Thursday, June 21, 2007

What goes up

Math is all about patterns. For some reason much of today's news centered around space, gravity, and humanity's inability to control them.

In space since June 8th, the shuttle Atlantis crew of seven has been busy: they installed a new truss segment on the International Space Station with a double-winged solar array, repaired a tear in the shuttle's heat shield, and restarted a critical computer system. But getting back to earth may be the toughest part of all. Even assuming the insulation blanket repair job was a success, bad weather may delay their return, pitting them in a race against time before the shuttle batteries exhaust their hydrogen fuel.

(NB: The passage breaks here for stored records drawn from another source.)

lemma der_p_smult_update:
  "length fs = p \<Longrightarrow> i < p \<Longrightarrow> \<delta> (fs[i := const_poly c * f]) = const_poly c * \<delta> (fs[i := f])"
  using der_p_linear_update[of fs i c f 0] der_p_add_update[of fs i 0 0] by simp

lemma der_p_swap:
  assumes "length fs = p" "i < p" "j < p" "i \<noteq> j"
  shows "\<delta> (fs[i := f, j := g]) = - \<delta> (fs[i := g, j := f])"
proof -
  define F where "F u v = \<delta> (fs[i := u, j := v])" for u v
  have add_left: "F (u + u') v = F u v + F u' v" for u u' v
    using der_p_add_update[of "fs[j := v]" i u u'] assms by (simp add: F_def list_update_swap)
  have add_right: "F u (v + v') = F u v + F u v'" for u v v'
    using der_p_add_update[of "fs[i := u]" j v v'] assms by (simp add: F_def)
  have diag: "F u u = 0" for u
    unfolding F_def using assms by (intro der_p_alternating[of _ i j]) auto
  have "0 = F (f + g) (f + g)" by (simp add: diag)
  also have "\<dots> = F f g + F g f" by (simp only: add_left add_right) (simp add: diag)
  finally show ?thesis unfolding F_def by (simp add: eq_neg_iff_add_eq_0)
qed

context
  fixes l :: "('n, 'k) mpoly"
  assumes vanish: "\<And>fs. length fs = p \<and> fs ! 0 = l \<longrightarrow> \<delta> fs = 0"
begin

lemma der_p_vanishes_at:
  assumes "length gs = p" "i < p" "gs ! i = l"
  shows "\<delta> gs = 0"
proof (cases "i = 0")
  case True thus ?thesis using vanish assms by blast
next
  case False
  have "gs = gs[0 := gs ! 0, i := l]" using assms by (metis list_update_id)
  hence "\<delta> gs = - \<delta> (gs[0 := l, i := gs ! 0])"
    using der_p_swap[of gs 0 i "gs ! 0" l] assms False by simp
  also have "\<delta> (gs[0 := l, i := gs ! 0]) = 0"
    using vanish assms False by simp
  finally show ?thesis by simp
qed

lemma der_p_cong_update:
  assumes "length fs = p" "i < p" "l dvd f - g"
  shows "l dvd \<delta> (fs[i := f]) - \<delta> (fs[i := g])"
proof -
  obtain h where "f - g = l * h" using assms(3) by (auto elim: dvdE)
  hence h: "f = g + l * h" by (metis add.commute diff_eq_eq)
  have "\<delta> (fs[i := l]) = 0"
    using der_p_vanishes_at[of "fs[i := l]" i] assms by simp
  hence "\<delta> (fs[i := f]) - \<delta> (fs[i := g]) = l * \<delta> (fs[i := h])"
    using der_p_add_update[of fs i g "l * h"] der_p_leibniz_update[of fs i l h] assms h by simp
  thus ?thesis by simp
qed

lemma der_p_cong:
  assumes len: "length fs = p" "length gs = p" and cong: "\<forall>i<p. l dvd fs ! i - gs ! i"
  shows "l dvd \<delta> fs - \<delta> gs"
proof -
  define hs where "hs k = take k gs @ drop k fs" for k
  have "k \<le> p \<Longrightarrow> l dvd \<delta> fs - \<delta> (hs k)" for k
  proof (induction k)
    case 0 thus ?case by (simp add: hs_def)
  next
    case (Suc k)
    hence kp: "k < p" by simp
    have hs_k: "hs k = take k gs @ fs ! k # drop (Suc k) fs"
      unfolding hs_def using kp len by (simp add: Cons_nth_drop_Suc)
    have hs_Suc_k: "hs (Suc k) = take k gs @ gs ! k # drop (Suc k) fs"
      unfolding hs_def using kp len by (simp add: take_Suc_conv_app_nth)
    have "length (take k gs) = k" using kp len by simp
    hence "hs k = (hs k)[k := fs ! k]" "hs (Suc k) = (hs k)[k := gs ! k]"
      unfolding hs_k hs_Suc_k by (metis list_update_length)+
    moreover have "l dvd \<delta> ((hs k)[k := fs ! k]) - \<delta> ((hs k)[k := gs ! k])"
      using kp len cong by (intro der_p_cong_update) (simp_all add: hs_def)
    ultimately have "l dvd \<delta> (hs k) - \<delta> (hs (Suc k))" by simp
    thus ?case using dvd_add[OF Suc.IH] Suc.prems by fastforce
  qed
  moreover have "hs p = gs" using len by (simp add: hs_def)
  ultimately show ?thesis by auto
qed

lemma der_mod_if_vanishes: "der_mod l p \<delta>"
  unfolding der_mod_def using der_p_cong der_p_linear_update der_p_leibniz_update der_p_alternating
  by (auto simp del: dvd_diff_commute)

end

end

section \<open>Restriction to \<open>H\<^sub>0\<close>\<close>

lemma D0_p_dvd_of_lincomb:
  assumes "\<delta> \<in> D0_p A alpha m H0 p" "H \<in> A"
    and "alpha H = (\<lambda>i. s * b i + t * alpha H0 i)" "s \<noteq> 0"
    and "length fs = p" "0 < p" "fs ! 0 = lin_poly b"
  shows "lin_poly (alpha H) ^ m H dvd \<delta> fs"
proof -
  have der: "der_p p \<delta>" and vanish: "\<delta> (fs[0 := lin_poly (alpha H0)]) = 0"
    using assms(1,5,6) unfolding D0_p_def D_p_def by auto
  have unchanged: "fs[0 := lin_poly b] = fs" using assms(5-7) by (metis list_update_id)
  have "lin_poly (alpha H) ^ m H dvd \<delta> (fs[0 := lin_poly (alpha H)])"
    using assms(1,2,5,6) unfolding D0_p_def D_p_def by auto
  also have "\<delta> (fs[0 := lin_poly (alpha H)]) = const_poly s * \<delta> fs"
    using der_p_linear_update[OF der] der_p_smult_update[OF der] assms(5-7) vanish
    by (simp add: assms(3) lin_poly_lincomb unchanged)
  finally have "lin_poly (alpha H) ^ m H dvd const_poly (1 / s) * (const_poly s * \<delta> fs)"
    by (rule dvd_mult)
  thus ?thesis using \<open>s \<noteq> 0\<close> by (simp add: mult.assoc[symmetric] const_poly_mult[symmetric])
qed

lemma D0_p_restriction_dvd:
  assumes arr: "multiarr A alpha m" and "H0 \<in> A" "0 < p" and \<delta>: "\<delta> \<in> D0_p A alpha m H0 p"
    and X: "H0 \<inter> lin_ker b = X" and fs: "length fs = p" "fs ! 0 = lin_poly b"
  shows "\<exists>q r. \<delta> fs = lin_poly b ^ restr_mult A m H0 X * q + lin_poly (alpha H0) * r"
proof -
  define B where "B = {H\<in>A. X \<subseteq> H \<and> H \<noteq> H0}"
  have "\<forall>H\<in>B. \<exists>s t. s \<noteq> 0 \<and> alpha H = (\<lambda>i. s * b i + t * alpha H0 i)"
    using multiarr_defining_form_lincomb[OF arr \<open>H0 \<in> A\<close>] X unfolding B_def by blast
  then obtain s t where st: "\<And>H. H \<in> B \<Longrightarrow> s H \<noteq> 0 \<and> alpha H = (\<lambda>i. s H * b i + t H * alpha H0 i)"
    by metis
  define P where "P = (\<Prod>H\<in>B. lin_poly (alpha H) ^ m H)"
  have "P dvd \<delta> fs"
    unfolding P_def
  proof (rule prod_prime_powers_dvd)
    show "finite B" using arr unfolding B_def multiarr_def by simp
    show "prime_mpoly (lin_poly (alpha H))" if "H \<in> B" for H
      using that arr prime_mpoly_lin_poly unfolding B_def multiarr_def by blast
    show "\<not> lin_poly (alpha H1) dvd lin_poly (alpha H2)" if "H1 \<in> B" "H2 \<in> B" "H1 \<noteq> H2" for H1 H2
      using that multiarr_lin_poly_not_dvd[OF arr] unfolding B_def by blast
    show "lin_poly (alpha H) ^ m H dvd \<delta> fs" if "H \<in> B" for H
      using that st D0_p_dvd_of_lincomb[OF \<delta> _ _ _ fs(1) \<open>0 < p\<close> fs(2)] unfolding B_def by blast
  qed
  then obtain h where h: "\<delta> fs = P * h" by (auto elim: dvdE)
  have "lin_poly (alpha H0) dvd P - (\<Prod>H\<in>B. const_poly (s H) ^ m H) * lin_poly b ^ restr_mult A m H0 X"
    unfolding P_def restr_mult_def B_def[symmetric]
    by (rule dvd_prod_powers_diff) (simp add: st lin_poly_lincomb)
  then obtain r where "P = (\<Prod>H\<in>B. const_poly (s H) ^ m H) * lin_poly b ^ restr_mult A m H0 X
                           + lin_poly (alpha H0) * r"
    by (auto elim: dvdE simp: algebra_simps)
  hence "\<delta> fs = lin_poly b ^ restr_mult A m H0 X * ((\<Prod>H\<in>B. const_poly (s H) ^ m H) * h)
                + lin_poly (alpha H0) * (r * h)"
    unfolding h by (simp add: algebra_simps)
  thus ?thesis by blast
qed

theorem lemma3p2:
  fixes A :: "('n::finite \<Rightarrow> 'k::field) set set"
    and alpha :: "('n \<Rightarrow> 'k) set \<Rightarrow> 'n \<Rightarrow> 'k"
    and m :: "('n \<Rightarrow> 'k) set \<Rightarrow> nat"
    and H0 :: "('n \<Rightarrow> 'k) set"
    and p :: nat
    and \<delta> :: "('n, 'k) mpoly list \<Rightarrow> ('n, 'k) mpoly"
  assumes "multiarr A alpha m"
    and "H0 \<in> A"
    and "p \<ge> 1"
    and "\<delta> \<in> D0_p A alpha m H0 p"
  shows "\<delta> \<in> D_p_restr A alpha m H0 p"
proof -
  have "der_p p \<delta>" and "\<And>fs. length fs = p \<and> fs ! 0 = lin_poly (alpha H0) \<longrightarrow> \<delta> fs = 0"
    using assms(4) unfolding D0_p_def D_p_def by auto
  hence "der_mod (lin_poly (alpha H0)) p \<delta>" by (rule der_mod_if_vanishes)
  thus ?thesis
    unfolding D_p_restr_def using D0_p_restriction_dvd[OF assms(1,2) _ assms(4)] assms(3) by auto
qed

I hope their return to Earth is more successful than the Columbia, South Carolina couple whose rooftop love-making was rudely interrupted by gravity as they plunged stark naked 50 feet to their death. In another bizarre rooftop story, a West Philadelphia man was found dead at 49th and Spruce after an all night party. Across the pond, reports of suicide attempts jumped when artist Antony Gormley placed 31 life-sized replicas of his own naked body on central London rooftops.

Meanwhile, United Airlines passengers couldn't even get up in the air yesterday, as the airline's computers crashed and were unable to calculate weight and balance, an FAA requirement for flight. Pilots who fly small planes will tell you the three most useless things in the world are runway behind you, altitude above you, and fuel still in the truck. At least the United Airlines passengers did not have any of those worries. But passengers on an incoming trans-Atlantic Continental Airlines flight did have to cope with overflowing sewage. Now that’s an immigration problem! Not even the stock market could stay in the air: the Dow lost 146 points yesterday.

But staying on the ground may be no safer. New lava flows on Mt. Kilauea began oozing - that's the technical word the scientists used, they might have borrowed it from the Continental Airlines PR department - after hundreds of small earthquakes last Sunday.

I’m hoping this is one pattern that won’t last and maybe things will stay put a little better than they did yesterday.